The Upper East Regional Minister, Mr. Mark Woyongo, said the initiative was also aimed at improving relations between the two statesmen.
He confirmed that a meeting of Regional Ministers was held in Kumasi to deliberate on the initiative and to mobilise a number of chiefs throughout the country to lead a team of mediators to help mend the relations between President Mills and former President Rawlings.
Mr. Woyongo said the move was not necessarily to woo the former President to join the campaign programme of the ruling National Democratic Congress (NDC) but to work towards getting the two gentlemen to agree to sing from the same hymn sheet to facilitate peace in the country during the run-up to the polls.
He explained that the idea was conceived by the chiefs in his region and he discussed it with his colleagues from the Upper West and Northern regions who hailed the initiative which they put before other colleagues at the emergency meeting of regional Ministers on Tuesday.
However, Mr. Kofi Adams, an aide to former President Rawlings, said the premise on which the initiative was mooted was wrong because former President Rawlings was not a threat to election 2012.
Mr. Adams said party unity should revolve around values and principles but added that “the office of the former President will wait for a request for the meeting and draw his (Rawlings) attention to it and if his schedule allows it he shall do so”.
The Daily Guide’s headline read “NDC meets over Rawlings” with the story saying “linchpins of the ruling national Democratic Congress (NDC)” met in Kumasi “to hatch a plan to woo the Rawlingses to join the party’s campaign machinery for the 2012 polls”.
It said all 10 regional ministers and NDC regional chairmen from the length and breadth of the country attended the emergency meeting held at the Regional Coordinating Council.
The newspaper said the agenda was what the 10 regional ministers and chairmen could do to help bring the party founder Jerry John Rawlings back to the party.
The meeting considered the formation of a coalition of traditional rulers who would be mandated to broker peace.
An Accra-based radio station, Joy FM, reported on its website that “Rawlings needs no begging to be on campaign trail – Kofi Adams.”
The story said Kofi Adams, suspended General Secretary of the National Democratic Congress and aide to the Rawlingses, says the former president will only be back on the campaign trail if the values and principles he so much reveres are restored in the party.
He said whilst the ex-president was open to party unity, that unity would only be premised on the values and principles of the party.
The radio station quoted pollster Ben Ephson as saying he was convinced the coalition of chiefs to mediate between the two high-profile personalities was not the right way to go, especially when chiefs were not allowed under the constitution to engage in partisan politics.
He would rather the council of elders of the NDC met together with the ex-president’s wife, Nana Konadu Agyeman-Rawlings, to resolve the crisis.

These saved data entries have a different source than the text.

(* Let $\mathscr{V}_3$ be the variety of triples $(\mathcal{C}_1,\mathcal{C}_2,\mathcal{C}_3)$ of conics in $\mathbb{P}^3$ (over $\mathbb{C}$) that lie on a common nondegenerate quadric surface. For $\{i,j,k\}=\{1,2,3\}$ define the rational function $\alpha_i^2$ on $\mathscr{V}_3$ by $$\alpha_i^2=\frac{(\boldsymbol{\ell}_{ij}^T C_i^{*}\boldsymbol{\ell}_{ik})^2}{(\boldsymbol{\ell}_{ij}^T C_i^{*}\boldsymbol{\ell}_{ij})(\boldsymbol{\ell}_{ik}^T C_i^{*}\boldsymbol{\ell}_{ik})},$$ where, after choosing homogeneous coordinates identifying the plane $\mathcal{P}_i$ of $\mathcal{C}_i$ with $\mathbb{P}^2$, $C_i$ is a symmetric $3\times3$ matrix of $\mathcal{C}_i$, $C_i^{*}$ is its adjugate, and $\boldsymbol{\ell}_{ij},\boldsymbol{\ell}_{ik}\in\mathbb{C}^3$ are coordinate vectors of the lines $\mathcal{P}_i\cap\mathcal{P}_j$ and $\mathcal{P}_i\cap\mathcal{P}_k$ in $\mathcal{P}_i$ (the value does not depend on these choices). Then $\alpha_1^2,\alpha_2^2,\alpha_3^2$ are algebraically independent over $\mathbb{C}$.
   Context: A conic in $\mathbb{P}^3$ is a nondegenerate conic lying in a plane; here the three planes $\mathcal{P}_1,\mathcal{P}_2,\mathcal{P}_3$ are the planes of the three conics. A line $\boldsymbol{\ell}$ in $\mathbb{P}^2$ is represented by $\boldsymbol{\ell}\in\mathbb{C}^3$ with the line being $\{\bar{x}:\boldsymbol{\ell}^T\bar{x}=0\}$; $\boldsymbol{\ell}^TC^*\boldsymbol{\ell}=0$ iff $\boldsymbol{\ell}$ is tangent to the conic $\bar{x}^TC\bar{x}=0$. A nondegenerate quadric surface is the zero set of a quadratic form in 4 variables with nonsingular matrix. *)

theory Defs
  imports "HOL-Analysis.Analysis"
begin

definition bform :: "complex^'n \<Rightarrow> complex^'n^'n \<Rightarrow> complex^'n \<Rightarrow> complex" where
  "bform x A y = (\<Sum>i\<in>UNIV. \<Sum>j\<in>UNIV. x$i * A$i$j * y$j)"

definition lform :: "complex^'n \<Rightarrow> complex^'n \<Rightarrow> complex" where
  "lform l x = (\<Sum>i\<in>UNIV. l$i * x$i)"

text \<open>Adjugate (transposed cofactor matrix) of a 3x3 matrix, written out via the
  cyclic cofactor formula (indices of type 3 are taken mod 3).\<close>
definition adj3 :: "complex^3^3 \<Rightarrow> complex^3^3" where
  "adj3 A = (\<chi> i j. A$(j+1)$(i+1) * A$(j+2)$(i+2) - A$(j+1)$(i+2) * A$(j+2)$(i+1))"

text \<open>A plane of P^3 with homogeneous coordinates: an injective linear map C^3 -> C^4
  (a 4x3 matrix of rank 3), whose image is the plane.\<close>
definition plane_param :: "complex^3^4 \<Rightarrow> bool" where
  "plane_param M \<longleftrightarrow> (\<forall>x. M *v x = 0 \<longrightarrow> x = 0)"

definition nondeg_conic :: "complex^3^3 \<Rightarrow> bool" where
  "nondeg_conic C \<longleftrightarrow> transpose C = C \<and> det C \<noteq> 0"

definition nondeg_quadric :: "complex^4^4 \<Rightarrow> bool" where
  "nondeg_quadric Q \<longleftrightarrow> transpose Q = Q \<and> det Q \<noteq> 0"

definition conic_on_quadric :: "complex^3^4 \<Rightarrow> complex^3^3 \<Rightarrow> complex^4^4 \<Rightarrow> bool" where
  "conic_on_quadric M C Q \<longleftrightarrow>
     (\<forall>x. x \<noteq> 0 \<and> bform x C x = 0 \<longrightarrow> bform (M *v x) Q (M *v x) = 0)"

text \<open>l (in the coordinates of the plane parametrised by Mi) is a coordinate vector of the
  line Pi \<inter> Pj, i.e. its zero set in Pi is exactly the intersection with Pj.\<close>
definition isect_line :: "complex^3^4 \<Rightarrow> complex^3^4 \<Rightarrow> complex^3 \<Rightarrow> bool" where
  "isect_line Mi Mj l \<longleftrightarrow> l \<noteq> 0 \<and> (\<forall>x. lform l x = 0 \<longleftrightarrow> (\<exists>y. Mi *v x = Mj *v y))"

definition alpha_sq :: "complex^3^3 \<Rightarrow> complex^3 \<Rightarrow> complex^3 \<Rightarrow> complex" where
  "alpha_sq C l m = (bform l (adj3 C) m)^2 / (bform l (adj3 C) l * bform m (adj3 C) m)"

definition alpha_defined :: "complex^3^3 \<Rightarrow> complex^3 \<Rightarrow> complex^3 \<Rightarrow> bool" where
  "alpha_defined C l m \<longleftrightarrow> bform l (adj3 C) l * bform m (adj3 C) m \<noteq> 0"

definition V3_data ::
  "complex^4^4 \<Rightarrow> complex^3^4 \<Rightarrow> complex^3^4 \<Rightarrow> complex^3^4 \<Rightarrow>
   complex^3^3 \<Rightarrow> complex^3^3 \<Rightarrow> complex^3^3 \<Rightarrow>
   complex^3 \<Rightarrow> complex^3 \<Rightarrow> complex^3 \<Rightarrow> complex^3 \<Rightarrow> complex^3 \<Rightarrow> complex^3 \<Rightarrow> bool" where
  "V3_data Q M1 M2 M3 C1 C2 C3 l12 l13 l21 l23 l31 l32 \<longleftrightarrow>
     nondeg_quadric Q \<and>
     plane_param M1 \<and> plane_param M2 \<and> plane_param M3 \<and>
     nondeg_conic C1 \<and> nondeg_conic C2 \<and> nondeg_conic C3 \<and>
     conic_on_quadric M1 C1 Q \<and> conic_on_quadric M2 C2 Q \<and> conic_on_quadric M3 C3 Q \<and>
     isect_line M1 M2 l12 \<and> isect_line M1 M3 l13 \<and>
     isect_line M2 M1 l21 \<and> isect_line M2 M3 l23 \<and>
     isect_line M3 M1 l31 \<and> isect_line M3 M2 l32 \<and>
     alpha_defined C1 l12 l13 \<and> alpha_defined C2 l21 l23 \<and> alpha_defined C3 l31 l32"

definition poly3_eval :: "(nat\<times>nat\<times>nat) set \<Rightarrow> (nat\<times>nat\<times>nat \<Rightarrow> complex) \<Rightarrow>
    complex \<Rightarrow> complex \<Rightarrow> complex \<Rightarrow> complex" where
  "poly3_eval S c x y z = (\<Sum>(a,b,d)\<in>S. c (a,b,d) * x^a * y^b * z^d)"

end

theory Submission
  imports Defs "HOL-Computational_Algebra.Polynomial"
begin

text \<open>It suffices to exhibit a three-parameter family in V_3 along which
  (alpha_1^2, alpha_2^2, alpha_3^2) fills a real box. Take the quadric
  X_1^2 + X_2^2 + X_3^2 + X_4^2 + 2a X_1 X_2 + 2b X_1 X_3 + 2c X_2 X_3 and its sections by the
  coordinate planes X_1 = 0, X_2 = 0, X_3 = 0. Each section is a conic x^2 + y^2 + z^2 + 2t xy
  meeting the other two planes in the lines x = 0 and y = 0, so its alpha^2 is t^2. Hence the
  alphas are (c^2, b^2, a^2), which covers (0, 1/4)^3 as a, b, c range over (0, 1/2). A polynomial
  vanishing on a box is zero: the Kronecker substitution (r, r^N, r^(N^2)) turns it into a
  univariate polynomial with infinitely many roots.\<close>

lemma sum_monomials_eq_0_imp_coeffs_eq_0:
  fixes c :: "'e \<Rightarrow> 'a::idom" and deg :: "'e \<Rightarrow> nat"
  assumes "finite S" and "inj_on deg S" and "infinite T"
    and vanish: "\<And>t. t \<in> T \<Longrightarrow> (\<Sum>e\<in>S. c e * t ^ deg e) = 0"
  shows "\<forall>e\<in>S. c e = 0"
proof
  fix e0 assume "e0 \<in> S"
  define p where "p = (\<Sum>e\<in>S. monom (c e) (deg e))"
  have "T \<subseteq> {t. poly p t = 0}"
    using vanish by (auto simp: p_def poly_sum poly_monom)
  then have "p = 0"
    using \<open>infinite T\<close> poly_roots_finite finite_subset by blast
  have "coeff p (deg e0) = (\<Sum>e\<in>S. if e = e0 then c e else 0)"
    unfolding p_def coeff_sum coeff_monom
    using \<open>inj_on deg S\<close> \<open>e0 \<in> S\<close> by (intro sum.cong) (auto simp: inj_on_def)
  also have "\<dots> = c e0"
    using \<open>finite S\<close> \<open>e0 \<in> S\<close> by simp
  finally show "c e0 = 0"
    using \<open>p = 0\<close> by simp
qed

lemma add_mult_base_inject:
  fixes a a' k k' N :: nat
  assumes "a < N" "a' < N" "a + N * k = a' + N * k'"
  shows "a = a' \<and> k = k'"
proof -
  have "a = a'"
    using arg_cong[OF assms(3), of "\<lambda>n. n mod N"] assms(1,2) by simp
  moreover have "k = k'"
    using assms \<open>a = a'\<close> by simp
  ultimately show ?thesis ..
qed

In another story, with the headline “Hot chase for Rawlings” the Daily Guide said Rawlings, who until recently had virtually become an alien in the ruling NDC, had suddenly become the “darling boy” and a toast of the party.
“Mr. Rawlings has suddenly become a hot cake in the NDC, with party leaders desperate to get him aboard the 2012 campaign trail by all means,” the newspaper said.
It quoted sources as saying that a strategy has been devised to use chiefs and traditional authorities, especially those from the Volta Region, to appeal to Rawlings to bury the hatchet and join the campaign.